Your goal ::
Could you copy, word for word, only the lines from the one containing "(\<Sum>j\<le>r. of_nat (stirling" through the last line of the records below, both included?

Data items
*** Begin section ***

definition net_to_zero :: "'a::real_vector topology \<Rightarrow> 'j set \<Rightarrow> ('j \<Rightarrow> 'j \<Rightarrow> bool) \<Rightarrow> ('j \<Rightarrow> 'a) \<Rightarrow> bool" where
  "net_to_zero T I le u \<longleftrightarrow>
     (\<forall>V. zero_nbhd T V \<longrightarrow> (\<exists>a0\<in>I. \<forall>a\<in>I. le a0 a \<longrightarrow> u a \<in> V))"

text \<open>Lebesgue property of (X,T), for nets indexed by (subsets of) the type 'j.\<close>
definition lebesgue_property :: "'a::{ordered_real_vector,lattice} topology \<Rightarrow> 'j itself \<Rightarrow> bool" where
  "lebesgue_property T J \<longleftrightarrow>
     (\<forall>(I::'j set) le u. directed_index I le \<and> decr_to_zero I le u \<longrightarrow> net_to_zero T I le u)"

text \<open>S_alpha decreases to 0 in the vector lattice O of orthomorphisms (infimum taken in O).\<close>
definition orth_decr_to_zero :: "('a::{ordered_real_vector,lattice} \<Rightarrow> 'a) set \<Rightarrow> 'j set \<Rightarrow> ('j \<Rightarrow> 'j \<Rightarrow> bool)
    \<Rightarrow> ('j \<Rightarrow> 'a \<Rightarrow> 'a) \<Rightarrow> bool" where
  "orth_decr_to_zero Os I le S \<longleftrightarrow> (\<forall>a\<in>I. S a \<in> Os)
     \<and> (\<forall>a\<in>I. \<forall>b\<in>I. le a b \<longrightarrow> op_le (S b) (S a))
     \<and> (\<forall>a\<in>I. op_le (\<lambda>_. 0) (S a))
     \<and> (\<forall>R\<in>Os. (\<forall>a\<in>I. op_le R (S a)) \<longrightarrow> op_le R (\<lambda>_. 0))"

definition orth_b_to_zero :: "'a::{ordered_real_vector,lattice} topology \<Rightarrow> 'j set \<Rightarrow> ('j \<Rightarrow> 'j \<Rightarrow> bool)
    \<Rightarrow> ('j \<Rightarrow> 'a \<Rightarrow> 'a) \<Rightarrow> bool" where
  "orth_b_to_zero T I le S \<longleftrightarrow> (\<forall>B V. tv_bounded T B \<and> zero_nbhd T V \<longrightarrow>
     (\<exists>a0\<in>I. \<forall>a\<in>I. le a0 a \<longrightarrow> S a ` B \<subseteq> V))"

definition orth_c_to_zero :: "'a::{ordered_real_vector,lattice} topology \<Rightarrow> 'j set \<Rightarrow> ('j \<Rightarrow> 'j \<Rightarrow> bool)
    \<Rightarrow> ('j \<Rightarrow> 'a \<Rightarrow> 'a) \<Rightarrow> bool" where
  "orth_c_to_zero T I le S \<longleftrightarrow> (\<forall>V. zero_nbhd T V \<longrightarrow> (\<exists>U. zero_nbhd T U \<and>
     (\<forall>\<epsilon>>0. \<exists>a0\<in>I. \<forall>a\<in>I. le a0 a \<longrightarrow> S a ` U \<subseteq> (\<lambda>x. \<epsilon> *\<^sub>R x) ` V)))"

definition lebesgue_Orth_b :: "'a::{ordered_real_vector,lattice} topology \<Rightarrow> 'j itself \<Rightarrow> bool" where
  "lebesgue_Orth_b T J \<longleftrightarrow>
     (\<forall>(I::'j set) le S. directed_index I le \<and> orth_decr_to_zero (Orth_b T) I le S
        \<longrightarrow> orth_b_to_zero T I le S)"

definition lebesgue_Orth_c :: "'a::{ordered_real_vector,lattice} topology \<Rightarrow> 'j itself \<Rightarrow> bool" where
  "lebesgue_Orth_c T J \<longleftrightarrow>
     (\<forall>(I::'j set) le S. directed_index I le \<and> orth_decr_to_zero (Orth_c T) I le S
        \<longrightarrow> orth_c_to_zero T I le S)"

end

theory Submission
  imports Defs "HOL-Library.Lattice_Algebras"
begin

text \<open>Given a net u_a decreasing to 0, multiplication by v_a = inf (u_a) e is an orthomorphism
with labs (v_a x) \<le> labs x, because 0 \<le> v_a \<le> e; so these operators lie in both Orth_b(X) and
Orth_c(X). Multiplication in an Archimedean f-algebra is order continuous, hence they decrease to 0
in Orth(X), and the Lebesgue property of Orth_b(X) or Orth_c(X) makes them converge to 0, in
particular at the point w = u_a0 + e. Since u_a \<le> v_a w for a \<ge> a0, local solidity transfers this
convergence to u_a.\<close>

text \<open>The sort of vector lattices satisfies the axioms of the class lattice_ab_group_add without
being an instance of it.\<close>

interpretation riesz: lattice_ab_group_add "(+)" "0::'a::{ordered_real_vector,lattice}"
    "(-)" uminus "(\<le>)" "(<)" inf sup
  by unfold_locales

lemma neg_part_eq_pos_part_diff: "sup (- d) 0 = sup d 0 - (d::'a::{ordered_real_vector,lattice})"
  using riesz.add_sup_distrib_left[of "- d" d 0] by (simp add: sup_commute)

lemma pos_part_neg_part_disjoint:
  "inf (sup d 0) (sup (- d) 0) = (0::'a::{ordered_real_vector,lattice})"
proof -
  have "inf (sup d 0) (sup (- d) 0) = inf (sup d 0 + 0) (sup d 0 + - d)"
    by (simp add: neg_part_eq_pos_part_diff)
  also have "\<dots> = sup d 0 + inf 0 (- d)"
    by (rule riesz.add_inf_distrib_left[symmetric])
  also have "\<dots> = sup d 0 - sup 0 d"
    by (simp add: riesz.neg_sup_eq_inf[of 0 d, symmetric])
  finally show ?thesis by (simp add: sup_commute)
qed
lemma stirling_prime_cong_below:
  assumes "prime p" "k < p"
  shows "[int (stirling p k) = (if k = 1 then -1 else 0)] (mod int p)"
proof -
  define c where "c j = int (stirling p j) - (if j = 1 then -1 else 0)" for j
  define Q where "Q = (\<Sum>j<p. Polynomial.monom (c j) j)"
  have p2: "2 \<le> p"
    using assms(1) by (rule prime_ge_2_nat)
  have coeff_Q: "Polynomial.coeff Q j = (if j < p then c j else 0)" for j
    unfolding Q_def coeff_sum coeff_monom by (auto simp: sum.delta)
  have "degree Q \<le> p - 1"
    by (rule degree_le) (auto simp: coeff_Q)
  then have deg_Q: "degree Q < card {0..<int p}"
    using p2 by simp
  have poly_Q: "poly Q x = pochhammer x p - (x ^ p - x)" for x :: int
  proof -
    have "poly Q x = (\<Sum>j<p. int (stirling p j) * x ^ j + (if j = 1 then x else 0))"
      unfolding Q_def poly_sum poly_monom c_def by (rule sum.cong) (auto simp: algebra_simps)
    also have "\<dots> = (\<Sum>j<p. int (stirling p j) * x ^ j) + (\<Sum>j<p. if j = 1 then x else 0)"
      by (rule sum.distrib)
    also have "(\<Sum>j<p. int (stirling p j) * x ^ j) = pochhammer x p - x ^ p"
      using stirling_pochhammer[of p x] by (simp add: lessThan_Suc_atMost[symmetric])
    also have "(\<Sum>j<p. if j = 1 then x else 0) = x"
      using p2 by (simp add: sum.delta)
    finally show ?thesis
      by simp
  qed
  have "int p dvd poly Q a" if "a \<in> {0..<int p}" for a
  proof -
    define i where "i = nat a"
    have a: "a = int i"
      using that unfolding i_def by simp
    have "int p dvd a ^ p - a"
      using power_prime_cong_self[OF assms(1), of i]
      unfolding a cong_iff_dvd_diff[symmetric] by (simp add: cong_int_iff[symmetric])
    then show ?thesis
      unfolding poly_Q using prime_dvd_pochhammer[OF assms(1)] by (rule dvd_diff[rotated])
  qed
  moreover have "inj_on (\<lambda>a. a mod int p) {0..<int p}"
    by (auto intro: inj_onI)
  ultimately have "int p dvd Polynomial.coeff Q k"
    using prime_dvd_coeff_if_roots_mod[OF assms(1)] deg_Q by blast
  then show ?thesis
    using assms(2) by (simp add: coeff_Q c_def cong_iff_dvd_diff)
qed

lemma stirling_prime_cong:
  assumes "prime p"
  shows "[int (stirling p k) = (if k = p then 1 else if k = 1 then -1 else 0)] (mod int p)"
proof -
  have "1 < p"
    using assms by (rule prime_gt_1_nat)
  then consider "k < p" | "k = p" | "p < k"
    by linarith
  then show ?thesis
  proof cases
    case 1
    then show ?thesis
      using stirling_prime_cong_below[OF assms] by simp
  qed (use \<open>1 < p\<close> in simp_all)
qed

definition stirling_sum :: "nat \<Rightarrow> (nat \<Rightarrow> 'a :: semiring_1) \<Rightarrow> nat \<Rightarrow> 'a" where
  "stirling_sum m c r = (\<Sum>j\<le>r. of_nat (stirling m (j + 1)) * c (r - j))"

lemma stirling_sum_1 [simp]: "stirling_sum 1 c r = c r"
proof -
  have "stirling_sum 1 c r = (\<Sum>j\<le>r. if j = 0 then c (r - j) else 0)"
    unfolding stirling_sum_def by (rule sum.cong) (auto simp: gr0_conv_Suc)
  then show ?thesis
    by simp
qed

*** End section ***

Task result ::
  "stirling_sum m c r = (\<Sum>j\<le>r. of_nat (stirling m (j + 1)) * c (r - j))"

lemma stirling_sum_1 [simp]: "stirling_sum 1 c r = c r"
proof -
  have "stirling_sum 1 c r = (\<Sum>j\<le>r. if j = 0 then c (r - j) else 0)"
    unfolding stirling_sum_def by (rule sum.cong) (auto simp: gr0_conv_Suc)
  then show ?thesis
    by simp
qed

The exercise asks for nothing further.